Professionally, I'm a software engineer focusing on agile and lean software development and software process improvement. I work to help engineers, teams, and organizations be successful. I have experience with a wide variety of types of software, ranging from embedded systems to desktop applications to web applications. In my spare time, I'm a runner, a photographer, and a casual gamer. Find me on LinkedIn, Twitter, Reddit, Medium, GitHub, Quora, and ProjectManagement.com. Support my freely available (CC BY and CC BY-SA) content through Patreon, PayPal, Buy me a Coffee, or my Amazon Wishlist.

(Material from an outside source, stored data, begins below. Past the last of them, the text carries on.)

lemma length_merge_pass_bound:
  fixes s eps :: real
  assumes s: "0 < s" and eps: "0 < eps" "eps < 1"
  defines "K \<equiv> real (marker_scale s eps)"
  shows "ordered_blocks bs \<Longrightarrow> \<forall>p\<in>set bs. fst p \<le> n \<and> n \<le> fst p + t \<Longrightarrow>
    real (length (merge_pass s eps n bs)) \<le> 2 + 4 * K * ln (max 1 (real t))"
proof (induction t arbitrary: bs rule: less_induct)
  case (less t)
  have K: "2 \<le> K" using marker_scale_bounds(1)[OF s eps(1)] unfolding K_def by simp
  then have bound_nonneg: "0 \<le> 4 * K * ln (max 1 (real x))" for x by simp
  show ?case
  proof (cases bs)
    case Nil
    then show ?thesis using bound_nonneg[of t] by simp
  next
    case (Cons p bs')
    obtain a b where bs: "bs = (a, b) # bs'" using Cons by (cases p) simp
    have ord: "a \<le> b" "\<forall>q\<in>set bs'. b < fst q" "ordered_blocks bs'"
      using less.prems(1) unfolding bs by (simp_all add: ordered_blocks_Cons)
    have "n \<le> a + t" using less.prems(2) unfolding bs by simp
    show ?thesis
    proof (cases "a + 1 < n")
      case False
      then have "fst ` set bs \<subseteq> {n - 1..n}" using less.prems(2) ord unfolding bs by force
      then have "length bs \<le> card {n - 1..n}"
        by (rule ordered_blocks_length_le_card[OF less.prems(1) finite_atLeastAtMost])
      also have "\<dots> \<le> 2" by simp
      finally have "length bs \<le> 2" .
      then have "length (merge_pass s eps n bs) \<le> 2" using length_merge_pass_le le_trans by blast
      then show ?thesis using bound_nonneg[of t] by simp
    next
      case True
      obtain M B where below: "a + 2 ^ M < n" and above: "n \<le> a + 2 ^ Suc M * marker_scale s eps"
        and mp: "merge_pass s eps n bs =
          (a, B) # merge_pass s eps n (filter (\<lambda>q. a + 2 ^ M \<le> snd q) bs')"
        using merge_pass_Cons_merge[OF s eps True] unfolding bs by blast
      define rest where "rest = filter (\<lambda>q. a + 2 ^ M \<le> snd q) bs'"
      define t' where "t' = n - (a + 2 ^ M)"
      have "t' < t" using below \<open>n \<le> a + t\<close> one_le_power[of "2::nat" M] unfolding t'_def by linarith
      have contraction: "real t' \<le> (1 - 1 / (2 * K)) * real t"
      proof -
        have "n - a \<le> 2 ^ Suc M * marker_scale s eps" using above by linarith
        then have "real (n - a) \<le> real (2 ^ Suc M * marker_scale s eps)" by (simp only: of_nat_le_iff)
        then have "real (n - a) \<le> 2 * K * 2 ^ M" unfolding K_def by (simp add: mult_ac)
        then have "real t' \<le> (1 - 1 / (2 * K)) * real (n - a)"
          using below K unfolding t'_def by (simp add: of_nat_diff field_simps)
        also have "\<dots> \<le> (1 - 1 / (2 * K)) * real t"
          using \<open>n \<le> a + t\<close> K by (intro mult_left_mono) auto
        finally show ?thesis .
      qed
      (* The first block of rest may straddle a + 2^M, so the induction skips it. *)
      have "real (length (merge_pass s eps n rest)) \<le> 3 + 4 * K * ln (max 1 (real t'))"
      proof (cases rest)
        case (Cons q rest')
        obtain c d where rest: "rest = (c, d) # rest'" using Cons by (cases q) simp
        obtain B' P
          where mp_rest: "merge_pass s eps n rest = (c, B') # merge_pass s eps n (filter P rest')"
          using merge_pass_Cons unfolding rest by blast
        have "ordered_blocks rest" unfolding rest_def using ord(3) by (rule ordered_blocks_filter)
        then have "ordered_blocks (filter P rest')" "\<forall>q\<in>set rest'. d < fst q"
          unfolding rest by (simp_all add: ordered_blocks_Cons ordered_blocks_filter)
        moreover have "(c, d) \<in> set rest" "set rest' \<subseteq> set rest" unfolding rest by auto
        then have "a + 2 ^ M \<le> d" "set rest' \<subseteq> set bs" unfolding rest_def bs by auto
        ultimately have "\<forall>q\<in>set (filter P rest'). fst q \<le> n \<and> n \<le> fst q + t'"
          using less.prems(2) unfolding t'_def by fastforce
        then have "real (length (merge_pass s eps n (filter P rest')))
            \<le> 2 + 4 * K * ln (max 1 (real t'))"
          using less.IH[OF \<open>t' < t\<close> \<open>ordered_blocks (filter P rest')\<close>] by blast
        then show ?thesis unfolding mp_rest by simp
      qed (use bound_nonneg[of t'] in simp)
      also have "\<dots> \<le> 1 + 4 * K * ln (max 1 (real t))"
        using ln_contraction_step[OF _ _ contraction] K True \<open>n \<le> a + t\<close> by simp
      finally show ?thesis unfolding mp rest_def[symmetric] by simp
    qed
  qed
qed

Updated on January 31, 2020

Comments

  • Thomas Owens
    Thomas Owens over 4 years

    I have a module that is responsible for reading, processing, and writing bytes to disk. The bytes come in over UDP and, after the individual datagrams are assembled, the final byte array that gets processed and written to disk is typically between 200 bytes and 500,000 bytes. Occassionally, there will be byte arrays that, after assembly, are over 500,000 bytes, but these are relatively rare.

    I'm currently using the FileOutputStream's write(byte\[\]) method. I'm also experimenting with wrapping the FileOutputStream in a BufferedOutputStream, including using the constructor that accepts a buffer size as a parameter.

    It appears that using the BufferedOutputStream is tending toward slightly better performance, but I've only just begun to experiment with different buffer sizes. I only have a limited set of sample data to work with (two data sets from sample runs that I can pipe through my application). Is there a general rule-of-thumb that I might be able to apply to try to calculate the optimal buffer sizes to reduce disk writes and maximize the performance of the disk writing given the information that I know about the data I'm writing?

  • Thomas Owens
    Thomas Owens over 12 years
    Something I haven't found yet - what is the default buffer size of the BufferedOutputStream in Java 6? You mention 8KB - is that the default in Java? The Javadocs for 1.4.2 say the buffer is 512 bytes, meaning most of what I write tends to fall between 200 and 400 bytes per array. However, this information is removed from the Java 6 documentation.
  • gustafc
    gustafc over 12 years
    @Thomas - looking at the source code, the default size is 8192. I'd assume they removed the default size specification to be able to change it when a new "most sensible default" appears. If having a specific buffer size is important, you'll probably want to specify it explicitly.
  • Thomas Owens
    Thomas Owens over 12 years
    @gustafc Thanks. I always forget that I can look at the Java source code.
  • Thomas Owens
    Thomas Owens over 12 years
    My other question is if a write that is greater than the buffer size is worse performing than a non-buffered write. I can't think of a reason why it would be significantly worse, although the greater over the buffer size it is, the more times the buffer gets full, written, and full again. So I might need to experiment with that as well.
  • GOTO 0
    GOTO 0 almost 7 years
    I ran similar tests and I can confirm that using a BufferedOutputStream makes writing files not faster but slower, most likely because the data being written is already cached at multiple levels on its way from the JVM through the OS to the physical medium.
  • Dev Amitabh
    Dev Amitabh almost 7 years
    @GOTO Thanks for confirming. Are there any resources you might be aware of, that can help me dig deeper into how IO and internal caches work?
  • GOTO 0
    GOTO 0 almost 7 years
    Not really. If it helps googling, the file caching components are called Cache Manager in Windows and Page Cache in Linux. Hard disks and other storage devices also come with different sorts of I/O caches (though the basics are probably the same).